I, of course, felt completely free to deal with the situation within the limits of policy of the state government to use minimum force and avoid firing till the last resort. Firing in such cases leads to its own serious fall out, both for the administration and the political leadership. I learnt this bitter lesson in the case of firing in Bhopalgarh during collection of levy of wheat after some time.

Police Firing at Bhopalgarh

The incident took place early in June 1975 while collection of levy on wheat was on. These were difficult times for availability of food grains and the central and state governments were keen on procurement of maximum quantity of wheat for government godowns. The central government had even announced that allocation to the state from its coffers would be in proportion to the levy collected by them.

The state government issued orders under the Essential Commodities Act for direct collection from the growers at a price fixed by the government. Jodhpur was earlier exempted, probably because the Food Minister Mr P. R. Maderna represented the district and more probably since wheat was grown only in villages of Bilara Tehsil and in some villages of Bhopalgarh constituency represented by PRM himself.

However, the exemption was later withdrawn and there was intense pressure from the government to start the collection. We opened collection centers and made extensive personal contacts and efforts to start the process. Procurement did start in Bilara area but there was considerable resistance in the Bhopalgarh area.

I personally brought the tense situation to the notice of the Food Commissioner at Jaipur who put it in writing and brought it to the notice of the CS and FM. Since the pressure was continued and we had to show results the ADM was dispatched to the area with a strong police force to initiate search and seize operations in accordance with law.

The first such attempt met with resistance in a outlying hamlet from the villagers and the seized wheat had to be returned.

The police party returned to the Dak Bunglow after arresting some villagers. Soon a big crowd collected outside the rest house and the ADM called their representatives for talks. After certain discussions it was agreed to release the arrested people but rather than dispersing, the crowd started heavy pelting of stones on the police. This resulted in some serious injuries to the police personnel and the RAC fired in self defense. This led to death of 3-4 persons on the spot and one more casualty in the hospital later on.

The authorities at Jaipur were quite upset, particularly the CM and the FM but were able to appreciate the difficulties of the district authorities. The earlier note of the Food Commissioner also came to our rescue since the government had already been alerted.

The government initially appointed me as the Enquiry Officer but later a judicial enquiry was ordered and a High Court judge was appointed to conduct the enquiry.

I also submitted an affidavit but was not called for evidence. I did not have the occasion to see the report of the Judge but obviously there was no further action in the matter.

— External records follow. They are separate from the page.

lemma bp_rel_total: "\<exists>m. bp_rel w m"
proof (induction "length w" arbitrary: w rule: less_induct)
  case less
  consider "w = []" | "w \<noteq> []" "unbordered w" | "w \<noteq> []" "\<not> unbordered w" by blast
  then show ?case
  proof cases
    case 3
    with less bp_mid_shorter obtain m where "bp_rel (bp_mid w) m" by blast
    with 3 show ?thesis by (blast intro: bp_step)
  qed (blast intro: bp_rel.intros)+
qed

lemma bp_width_eqI: "bp_rel w m \<Longrightarrow> bp_width w = m"
  unfolding bp_width_def using bp_rel_functional by blast

lemma bp_width_Nil [simp]: "bp_width [] = 0"
  by (intro bp_width_eqI bp_empty)

lemma bp_width_unbordered: "w \<noteq> [] \<Longrightarrow> unbordered w \<Longrightarrow> bp_width w = 1"
  by (intro bp_width_eqI bp_unb)

lemma bp_width_bordered: "\<not> unbordered w \<Longrightarrow> bp_width w = bp_width (bp_mid w) + 2"
proof -
  assume "\<not> unbordered w"
  moreover from this have "w \<noteq> []" using unbordered_Nil by blast
  moreover obtain m where "bp_rel (bp_mid w) m" using bp_rel_total by blast
  ultimately show ?thesis
    using bp_step bp_width_eqI by metis
qed

lemma bp_width_peel:
  assumes "k \<in> nob_lengths w" "\<And>j. j \<in> nob_lengths w \<Longrightarrow> j \<le> k"
    and "drop k (take (length w - k) w) = v"
  shows "bp_width w = bp_width v + 2"
proof -
  have "\<not> unbordered w"
    using assms(1) unbordered_iff_nob_lengths by blast
  moreover have "bp_mid w = v"
    using lnob_eqI[OF assms(1,2)] assms(3) by (simp add: bp_mid_def)
  ultimately show ?thesis by (simp add: bp_width_bordered)
qed

definition width_bound :: "nat \<Rightarrow> nat" where
  "width_bound n = 6 * (n div 8) + min (n mod 8) 5"

lemma width_bound_add_mult_8: "width_bound (8 * q + r) = 6 * q + width_bound r"
  by (simp add: width_bound_def)

lemma mod_8_cases:
  fixes n :: nat
  obtains q r where "n = 8 * q + r" "r \<in> {0, 1, 2, 3, 4, 5, 6, 7}"
proof
  show "n = 8 * (n div 8) + n mod 8" by simp
  have "n mod 8 < 8" by simp
  then show "n mod 8 \<in> {0, 1, 2, 3, 4, 5, 6, 7}" by auto
qed

lemma width_bound_Suc: "width_bound n \<le> width_bound (Suc n)"
proof -
  obtain q r where n: "n = 8 * q + r" and r: "r \<in> {0, 1, 2, 3, 4, 5, 6, 7}" by (rule mod_8_cases)
  from r have "width_bound r \<le> width_bound (Suc r)" by (auto simp: width_bound_def)
  then show ?thesis
    using width_bound_add_mult_8[of q r] width_bound_add_mult_8[of q "Suc r"] by (simp add: n)
qed

lemma width_bound_mono: "m \<le> n \<Longrightarrow> width_bound m \<le> width_bound n"
  by (rule lift_Suc_mono_le[of width_bound]) (use width_bound_Suc in auto)

lemma width_bound_add:
  assumes "t \<le> 2"
  shows "width_bound m + 2 * t + 2 \<le> width_bound (m + 2 * t + 4)"
proof -
  obtain q r where m: "m = 8 * q + r" and r: "r \<in> {0, 1, 2, 3, 4, 5, 6, 7}" by (rule mod_8_cases)
  from assms have "t \<in> {0, 1, 2}" by auto
  with r have "width_bound r + 2 * t + 2 \<le> width_bound (r + 2 * t + 4)"
    by (auto simp: width_bound_def)
  then show ?thesis
    using width_bound_add_mult_8[of q r] width_bound_add_mult_8[of q "r + 2 * t + 4"]
    by (simp add: m add.assoc)
qed

lemma width_bound_short:
  assumes "t \<le> 2"
  shows "min m 1 + 2 * t \<le> width_bound (m + 2 * t)"
proof (cases "m = 0")
  case True
  with assms show ?thesis by (auto simp: width_bound_def)
next
  case False
  from assms have "1 + 2 * t \<le> width_bound (1 + 2 * t)" by (auto simp: width_bound_def)
  also from False have "\<dots> \<le> width_bound (m + 2 * t)" by (intro width_bound_mono) simp
  finally show ?thesis using False by simp
qed

section \<open>Upper bound for binary words\<close>

(* The conjunct \<not> unbordered w is needed: for unbordered w, lnob w = Max {} is unspecified. *)
definition unit_peel :: "nat list \<Rightarrow> bool" where
  "unit_peel w \<longleftrightarrow> \<not> unbordered w \<and> lnob w = 1"

lemma unit_peelE:
  assumes "unit_peel w"
  obtains a where "w = a # bp_mid w @ [a]"
proof
  from assms have "w = take 1 w @ bp_mid w @ take 1 w" "w \<noteq> []"
    using bordered_decomp unbordered_Nil unfolding unit_peel_def by metis+
  then show "w = hd w # bp_mid w @ [hd w]"
    by (metis append_Cons append_Nil take_Suc take_0 One_nat_def)
qed

lemma unit_peel_nob_lengths: "unit_peel w \<Longrightarrow> k \<in> nob_lengths w \<Longrightarrow> k \<le> 1"
  unfolding unit_peel_def using le_lnob by fastforce

lemma binary_no_three_unit_peels:
  assumes "set w \<subseteq> {0..<2}" "unit_peel w" "unit_peel (bp_mid w)"
  shows "\<not> unit_peel (bp_mid (bp_mid w))"
proof
  assume "unit_peel (bp_mid (bp_mid w))"
  define y where "y = bp_mid w"
  define z where "z = bp_mid y"
  obtain a where "w = a # y @ [a]"
    using assms(2) unfolding y_def by (rule unit_peelE)
  moreover obtain b where "y = b # z @ [b]"
    using assms(3) unfolding y_def z_def by (rule unit_peelE)
  moreover obtain c u where "z = c # u @ [c]"
    using \<open>unit_peel (bp_mid (bp_mid w))\<close> unfolding y_def z_def by (rule unit_peelE)
  ultimately have w: "w = a # b # c # u @ [c, b, a]" and y: "y = b # c # u @ [c, b]"
    by simp_all
  have "a < 2" "b < 2" "c < 2"
    using assms(1) by (subst (asm) w; auto)+
  then consider "a = b" | "a = c" | "b = c" by linarith
  then show False
  proof cases
    case 1
    then have "2 \<in> nob_lengths w" by (simp add: w nob_lengths_def)
    then show False using assms(2) unit_peel_nob_lengths by fastforce
  next
    case 2
    then have "3 \<in> nob_lengths w" by (simp add: w nob_lengths_def)
    then show False using assms(2) unit_peel_nob_lengths by fastforce
  next
    case 3
    then have "2 \<in> nob_lengths y" by (simp add: y nob_lengths_def)
    then show False using assms(3) unit_peel_nob_lengths unfolding y_def by fastforce
  qed
qed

Editor's Note: Stay tuned for Part 2 in which Shri K. K. Bhatnagar will deal with the declaration of Emergency and other incidents.

Comments

Mr Bhatnagar's account of his posting at Jodhpur, as Collector and DM, is a very matter of fact. He has given a peek to the readers about his real work as a beaurocrat and "Sarve-Sarva" of the District. He has been totally matter of fact and has narrated the challenges faced by him and how he was able to tackle them successfully.
It is a frank and true narration, which is a role model for future generations of IAS officers !
I found it to be very enlightening as it is a useful guide for the young administraters.

Good to read this - not many first hand accounts available. Look forward to the Emergency story.